Every line in the records below that holds "simp" must be identified and copied.

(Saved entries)
>>

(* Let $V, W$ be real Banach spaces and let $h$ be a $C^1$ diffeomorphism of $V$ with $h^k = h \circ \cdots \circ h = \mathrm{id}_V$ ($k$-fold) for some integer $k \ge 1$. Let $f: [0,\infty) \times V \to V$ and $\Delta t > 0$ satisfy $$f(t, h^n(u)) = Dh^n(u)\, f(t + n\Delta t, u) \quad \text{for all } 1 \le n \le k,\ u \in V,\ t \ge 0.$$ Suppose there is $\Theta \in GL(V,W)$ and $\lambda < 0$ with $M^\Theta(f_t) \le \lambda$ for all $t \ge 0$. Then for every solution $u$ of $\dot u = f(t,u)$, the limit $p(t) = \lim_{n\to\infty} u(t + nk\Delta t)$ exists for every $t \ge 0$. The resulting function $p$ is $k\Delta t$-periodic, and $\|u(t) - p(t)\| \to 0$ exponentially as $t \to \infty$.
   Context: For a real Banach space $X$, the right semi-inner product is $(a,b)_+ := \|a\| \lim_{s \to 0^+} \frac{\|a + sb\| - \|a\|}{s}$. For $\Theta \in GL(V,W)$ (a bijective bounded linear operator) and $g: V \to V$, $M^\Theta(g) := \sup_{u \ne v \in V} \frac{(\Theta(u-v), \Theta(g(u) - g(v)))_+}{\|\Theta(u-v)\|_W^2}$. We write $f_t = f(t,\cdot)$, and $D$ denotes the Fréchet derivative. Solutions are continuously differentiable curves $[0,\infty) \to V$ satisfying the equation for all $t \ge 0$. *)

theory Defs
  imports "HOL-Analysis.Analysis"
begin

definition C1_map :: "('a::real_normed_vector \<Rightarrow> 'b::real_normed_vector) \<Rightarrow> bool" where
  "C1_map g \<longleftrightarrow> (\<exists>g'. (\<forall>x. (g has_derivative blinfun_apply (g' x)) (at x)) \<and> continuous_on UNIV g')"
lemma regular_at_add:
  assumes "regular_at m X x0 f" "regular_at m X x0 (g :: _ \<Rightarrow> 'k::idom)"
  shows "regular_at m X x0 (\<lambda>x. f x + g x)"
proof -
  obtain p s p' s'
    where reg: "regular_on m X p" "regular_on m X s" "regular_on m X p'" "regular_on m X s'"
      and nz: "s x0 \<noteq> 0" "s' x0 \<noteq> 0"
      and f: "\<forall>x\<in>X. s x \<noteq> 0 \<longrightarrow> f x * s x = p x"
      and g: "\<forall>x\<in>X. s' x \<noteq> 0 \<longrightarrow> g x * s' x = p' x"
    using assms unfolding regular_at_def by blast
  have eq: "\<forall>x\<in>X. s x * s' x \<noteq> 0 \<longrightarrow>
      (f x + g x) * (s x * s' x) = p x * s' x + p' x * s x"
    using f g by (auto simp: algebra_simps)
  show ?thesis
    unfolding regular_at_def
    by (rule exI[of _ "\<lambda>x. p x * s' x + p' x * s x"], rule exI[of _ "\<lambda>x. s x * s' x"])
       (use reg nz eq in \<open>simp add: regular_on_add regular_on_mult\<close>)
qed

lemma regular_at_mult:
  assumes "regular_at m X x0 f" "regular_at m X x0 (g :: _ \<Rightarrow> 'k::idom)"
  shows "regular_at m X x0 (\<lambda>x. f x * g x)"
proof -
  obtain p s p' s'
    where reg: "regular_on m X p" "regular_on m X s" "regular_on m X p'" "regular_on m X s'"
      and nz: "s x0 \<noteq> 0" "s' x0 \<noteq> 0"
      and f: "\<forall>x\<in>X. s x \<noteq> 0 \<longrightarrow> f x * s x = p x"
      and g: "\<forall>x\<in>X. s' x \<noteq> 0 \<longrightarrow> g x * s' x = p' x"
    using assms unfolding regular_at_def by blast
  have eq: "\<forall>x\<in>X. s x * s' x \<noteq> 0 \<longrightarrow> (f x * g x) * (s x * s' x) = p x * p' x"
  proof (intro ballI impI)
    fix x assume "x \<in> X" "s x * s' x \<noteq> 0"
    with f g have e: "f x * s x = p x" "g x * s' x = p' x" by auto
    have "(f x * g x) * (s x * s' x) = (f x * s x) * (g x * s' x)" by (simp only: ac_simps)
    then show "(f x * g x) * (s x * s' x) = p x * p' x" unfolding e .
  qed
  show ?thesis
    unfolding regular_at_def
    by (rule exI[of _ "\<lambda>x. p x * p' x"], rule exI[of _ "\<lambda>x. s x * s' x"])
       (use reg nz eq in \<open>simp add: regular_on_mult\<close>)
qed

<<

* **FINISHED EXERCISE**
    using f g by (auto simp: algebra_simps)
       (use reg nz eq in \<open>simp add: regular_on_add regular_on_mult\<close>)
    have "(f x * g x) * (s x * s' x) = (f x * s x) * (g x * s' x)" by (simp only: ac_simps)
       (use reg nz eq in \<open>simp add: regular_on_mult\<close>)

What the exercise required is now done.